I conducted a one-way ANOVA in R, but I keep getting error messages when I attempt to do a Tukey post-hoc to see which treatments differ from each other.
(I would like the results to be ranked (a, ab, b, bcd...etc.)
DATA details:
data = "abh2"
x = 6 treatments : "treatment"
y= moisture readings "moist" (n=63 per treatment, total=378)
I ran a one-way ANOVA:
anov <- anova(lm(moist~treatment, data=abh2))
.# RESULTS indicate I can move to a post hoc (p<0.05):
Analysis of Variance Table
Response: moist
Df Sum Sq Mean Sq F value Pr(>F)
treatment 5 1706.3 341.27 25.911 < 2.2e-16 ***
I chose Tukey HSD and tried to run it with 2 methods, but get error messages for both:
Built-in R function:
TukeyHSD(anov)
# ERROR : no applicable method for 'TukeyHSD' applied to an object of class "c('anova', 'data.frame')"
Agricolae package:
HSD.test(anov, "treatment", group=TRUE, console=TRUE)

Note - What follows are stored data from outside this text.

section \<open>The face graph of a family of permutations sharing the cilia\<close>

text \<open>Nodes of the face graph: \<open>Inl (Inl i)\<close> is the copy of cilium \<open>i\<close> where faces start,
  \<open>Inl (Inr i)\<close> the copy where faces end, and \<open>Inr x\<close> a half-edge \<open>x\<close>.\<close>

definition out_node :: "'a set \<Rightarrow> 'a \<Rightarrow> ('a + 'a) + 'a" where
  "out_node C x = (if x \<in> C then Inl (Inl x) else Inr x)"

definition in_node :: "'a set \<Rightarrow> 'a \<Rightarrow> ('a + 'a) + 'a" where
  "in_node C y = (if y \<in> C then Inl (Inr y) else Inr y)"

text \<open>For every colour \<open>c \<in> K\<close> a permutation \<open>\<Phi> c\<close> (the face permutation of colour \<open>c\<close>) acts on
  the half-edges \<open>Z c\<close> of that colour together with the common set \<open>C\<close> of cilia.  The face graph
  joins \<open>x\<close> to \<open>\<Phi> c x\<close> for all colours, the cilia being split into a source and a target copy.
  Its components are the components of the boundary graph plus the internal faces, and every node
  has the same number of incoming and outgoing arcs of each colour.\<close>

locale face_graph =
  fixes K :: "nat set" and C :: "'a set" and Z :: "nat \<Rightarrow> 'a set" and \<Phi> :: "nat \<Rightarrow> 'a \<Rightarrow> 'a"
  assumes finK: "finite K" and finC: "finite C" and finZ: "\<And>c. c \<in> K \<Longrightarrow> finite (Z c)"
    and ZC: "\<And>c. c \<in> K \<Longrightarrow> Z c \<inter> C = {}"
    and Zdisj: "\<And>c c'. c \<in> K \<Longrightarrow> c' \<in> K \<Longrightarrow> c \<noteq> c' \<Longrightarrow> Z c \<inter> Z c' = {}"
    and bij: "\<And>c. c \<in> K \<Longrightarrow> bij_betw (\<Phi> c) (Z c \<union> C) (Z c \<union> C)"
begin
(* Let $t$ be a positive integer and let $G$ be a minimal counterexample to the following conjecture: every graph on $4t-1$ vertices with independence number $2$ satisfies $\mathrm{cm}(G)\ge t$. That is, $G$ has $4t-1$ vertices, $\alpha(G)=2$ and $\mathrm{cm}(G)\le t-1$, and the conjecture holds for every positive integer $t'<t$. Then $G$ contains no dominating matching.
   Context: All graphs are finite and simple. $\alpha(G)$ is the independence number. A matching $M$ in $G$ is connected if for every two edges of $M$ there is an edge of $G$ joining an endpoint of one to an endpoint of the other; $\mathrm{cm}(G)$ is the maximum size of a connected matching in $G$. A connected matching $M$ of $G$ is dominating if every edge of $M$ is adjacent to every vertex of $V(G)\setminus V(M)$, i.e. every vertex outside $V(M)$ is adjacent to at least one endpoint of each edge of $M$. *)

theory Defs
  imports Main
begin

definition graph :: "'a set \<Rightarrow> ('a \<Rightarrow> 'a \<Rightarrow> bool) \<Rightarrow> bool" where
  "graph V E \<longleftrightarrow> finite V \<and> (\<forall>x y. E x y \<longrightarrow> x \<in> V \<and> y \<in> V)
     \<and> (\<forall>x y. E x y \<longrightarrow> E y x) \<and> (\<forall>x. \<not> E x x)"

definition independent_set :: "'a set \<Rightarrow> ('a \<Rightarrow> 'a \<Rightarrow> bool) \<Rightarrow> 'a set \<Rightarrow> bool" where
  "independent_set V E S \<longleftrightarrow> S \<subseteq> V \<and> (\<forall>x\<in>S. \<forall>y\<in>S. \<not> E x y)"

definition alpha :: "'a set \<Rightarrow> ('a \<Rightarrow> 'a \<Rightarrow> bool) \<Rightarrow> nat" where
  "alpha V E = Max {card S | S. independent_set V E S}"

definition matching :: "'a set \<Rightarrow> ('a \<Rightarrow> 'a \<Rightarrow> bool) \<Rightarrow> 'a set set \<Rightarrow> bool" where
  "matching V E M \<longleftrightarrow> (\<forall>e\<in>M. \<exists>u v. e = {u, v} \<and> E u v)
     \<and> (\<forall>e\<in>M. \<forall>f\<in>M. e \<noteq> f \<longrightarrow> e \<inter> f = {})"

definition connected_matching :: "'a set \<Rightarrow> ('a \<Rightarrow> 'a \<Rightarrow> bool) \<Rightarrow> 'a set set \<Rightarrow> bool" where
  "connected_matching V E M \<longleftrightarrow> matching V E M
     \<and> (\<forall>e\<in>M. \<forall>f\<in>M. e \<noteq> f \<longrightarrow> (\<exists>u\<in>e. \<exists>v\<in>f. E u v))"

definition cm :: "'a set \<Rightarrow> ('a \<Rightarrow> 'a \<Rightarrow> bool) \<Rightarrow> nat" where
  "cm V E = Max {card M | M. connected_matching V E M}"

definition dominating_matching :: "'a set \<Rightarrow> ('a \<Rightarrow> 'a \<Rightarrow> bool) \<Rightarrow> 'a set set \<Rightarrow> bool" where
  "dominating_matching V E M \<longleftrightarrow> connected_matching V E M
     \<and> (\<forall>e\<in>M. \<forall>x\<in>V - \<Union>M. \<exists>u\<in>e. E x u)"

end

theory Submission
  imports Defs
begin

text \<open>Let \<open>M\<close> be a nonempty dominating matching with \<open>m\<close> edges, so \<open>0 < m < t\<close>. The set \<open>W\<close> of
  vertices outside \<open>M\<close> has at least \<open>4t - 1 - 2m \<ge> 4(t - m) - 1\<close> elements. If \<open>W\<close> is a clique,
  it carries a connected matching with \<open>t - m\<close> edges; otherwise a subset of \<open>W\<close> of size
  \<open>4(t - m) - 1\<close> containing a non-edge induces a graph with independence number 2, which has such
  a connected matching by minimality of \<open>t\<close>. Since \<open>M\<close> dominates \<open>W\<close>, the union of the two
  matchings is a connected matching with \<open>t\<close> edges, contradicting \<open>cm(G) < t\<close>.\<close>

lemma connected_matchingI:
  assumes "\<And>e. e \<in> M \<Longrightarrow> \<exists>u v. e = {u, v} \<and> E u v"
    and "\<And>e f. e \<in> M \<Longrightarrow> f \<in> M \<Longrightarrow> e \<noteq> f \<Longrightarrow> e \<inter> f = {}"
    and "\<And>e f. e \<in> M \<Longrightarrow> f \<in> M \<Longrightarrow> e \<noteq> f \<Longrightarrow> \<exists>u\<in>e. \<exists>v\<in>f. E u v"
  shows "connected_matching V E M"
  using assms unfolding connected_matching_def matching_def by simp

lemma connected_matching_edge:
  assumes "connected_matching V E M" "e \<in> M"
  shows "\<exists>u v. e = {u, v} \<and> E u v"
  using assms unfolding connected_matching_def matching_def by simp

lemma connected_matching_disjoint:
  assumes "connected_matching V E M" "e \<in> M" "f \<in> M" "e \<noteq> f"
  shows "e \<inter> f = {}"
  using assms unfolding connected_matching_def matching_def by simp

lemma connected_matching_joined:
  assumes "connected_matching V E M" "e \<in> M" "f \<in> M" "e \<noteq> f"
  shows "\<exists>u\<in>e. \<exists>v\<in>f. E u v"
  using assms unfolding connected_matching_def by simp

lemma connected_matching_empty: "connected_matching V E {}"
  by (rule connected_matchingI) simp_all

lemma connected_matching_singleton:
  assumes "E a b"
  shows "connected_matching V E {{a, b}}"
  by (rule connected_matchingI) (use assms in auto)

lemma connected_matching_mono:
  assumes E': "\<And>x y. E x y \<Longrightarrow> E' x y" and M: "connected_matching V E M"
  shows "connected_matching V' E' M"
proof (rule connected_matchingI)
  fix e assume "e \<in> M"
  then obtain u v where "e = {u, v}" "E u v" using connected_matching_edge[OF M] by blast
  then show "\<exists>u v. e = {u, v} \<and> E' u v" using E' by blast
next
  fix e f assume "e \<in> M" "f \<in> M" "e \<noteq> f"
  then show "e \<inter> f = {}" by (rule connected_matching_disjoint[OF M])
next
  fix e f assume "e \<in> M" "f \<in> M" "e \<noteq> f"
  then obtain u v where "u \<in> e" "v \<in> f" "E u v" using connected_matching_joined[OF M] by blast
  then show "\<exists>u\<in>e. \<exists>v\<in>f. E' u v" using E' by blast
qed

lemma connected_matching_Union_subset:
  assumes "graph V E" "connected_matching V E M"
  shows "\<Union>M \<subseteq> V"
  using assms(1) connected_matching_edge[OF assms(2)] unfolding graph_def by blast

lemma finite_connected_matching:
  assumes "graph V E" "connected_matching V E M"
  shows "finite M"
proof (rule finite_subset)
  show "M \<subseteq> Pow V" using connected_matching_Union_subset[OF assms] by blast
  show "finite (Pow V)" using assms(1) by (simp add: graph_def)
qed

lemma card_Union_connected_matching_le:
  assumes "connected_matching V E M" "finite M"
  shows "card (\<Union>M) \<le> 2 * card M"
proof -
  have "card (\<Union>M) \<le> (\<Sum>e\<in>M. card e)" by (rule card_Union_le_sum_card)
  also have "\<dots> \<le> (\<Sum>e\<in>M. 2)"
  proof (rule sum_mono)
    fix e assume "e \<in> M"
    then obtain u v where "e = {u, v}" using connected_matching_edge[OF assms(1)] by blast
    then show "card e \<le> 2" by (simp add: card_insert_if)
  qed
  finally show ?thesis by simp
qed

lemma card_Un_connected_matching:
  assumes "graph V E" "connected_matching V E M" "connected_matching V E N" "\<Union>M \<inter> \<Union>N = {}"
  shows "card (M \<union> N) = card M + card N"
proof (rule card_Un_disjoint)
  show "finite M" "finite N" using finite_connected_matching assms by blast+
  show "M \<inter> N = {}"
  proof (rule ccontr)
    assume "M \<inter> N \<noteq> {}"
    then obtain e where "e \<in> M" "e \<subseteq> \<Union>M \<inter> \<Union>N" by blast
    moreover from \<open>e \<in> M\<close> have "e \<noteq> {}" using connected_matching_edge[OF assms(2)] by blast
    ultimately show False using assms(4) by blast
  qed
qed

lemma connected_matching_Un:
  assumes sym: "\<And>x y. E x y \<Longrightarrow> E y x"
    and M: "connected_matching V E M" and N: "connected_matching V E N"
    and disj: "\<Union>M \<inter> \<Union>N = {}"
    and joined: "\<And>e f. e \<in> M \<Longrightarrow> f \<in> N \<Longrightarrow> \<exists>u\<in>e. \<exists>v\<in>f. E u v"
  shows "connected_matching V E (M \<union> N)"
proof (rule connected_matchingI)
  fix e assume "e \<in> M \<union> N"
  then show "\<exists>u v. e = {u, v} \<and> E u v"
    using connected_matching_edge[OF M] connected_matching_edge[OF N] by blast
next
  fix e f assume "e \<in> M \<union> N" "f \<in> M \<union> N" "e \<noteq> f"
  then show "e \<inter> f = {}"
    using connected_matching_disjoint[OF M] connected_matching_disjoint[OF N] disj by blast
next
  fix e f assume "e \<in> M \<union> N" "f \<in> M \<union> N" "e \<noteq> f"
  moreover have "\<exists>u\<in>f. \<exists>v\<in>e. E u v" if "e \<in> M" "f \<in> N" for e f
    using joined[OF that] sym by blast
  ultimately show "\<exists>u\<in>e. \<exists>v\<in>f. E u v"
    using connected_matching_joined[OF M] connected_matching_joined[OF N] joined by blast
qed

# ERROR : Error in HSD.test(anov, "treatment", group = TRUE, console = TRUE) :
argument "MSerror" is missing, with no default
I found the MSerror was
1) An "# Old version HSD.test()" (But I've just updated the agricolae package)
2) MSerror<-deviance(model)/df
So I tried:
HSD.test(anov, "treatment", MSerror=deviance(moist)/5, group=TRUE, console=TRUE)
*but still* # ERROR: $ operator is invalid for atomic vectors
Could anyone help me move ahead from here? It seems like a pretty simple problem but I've spent hours on this!
Many thanks :)

Try specifying your treatment as a factor with the following code:
abh2$treatment <- factor(abh2$treatment)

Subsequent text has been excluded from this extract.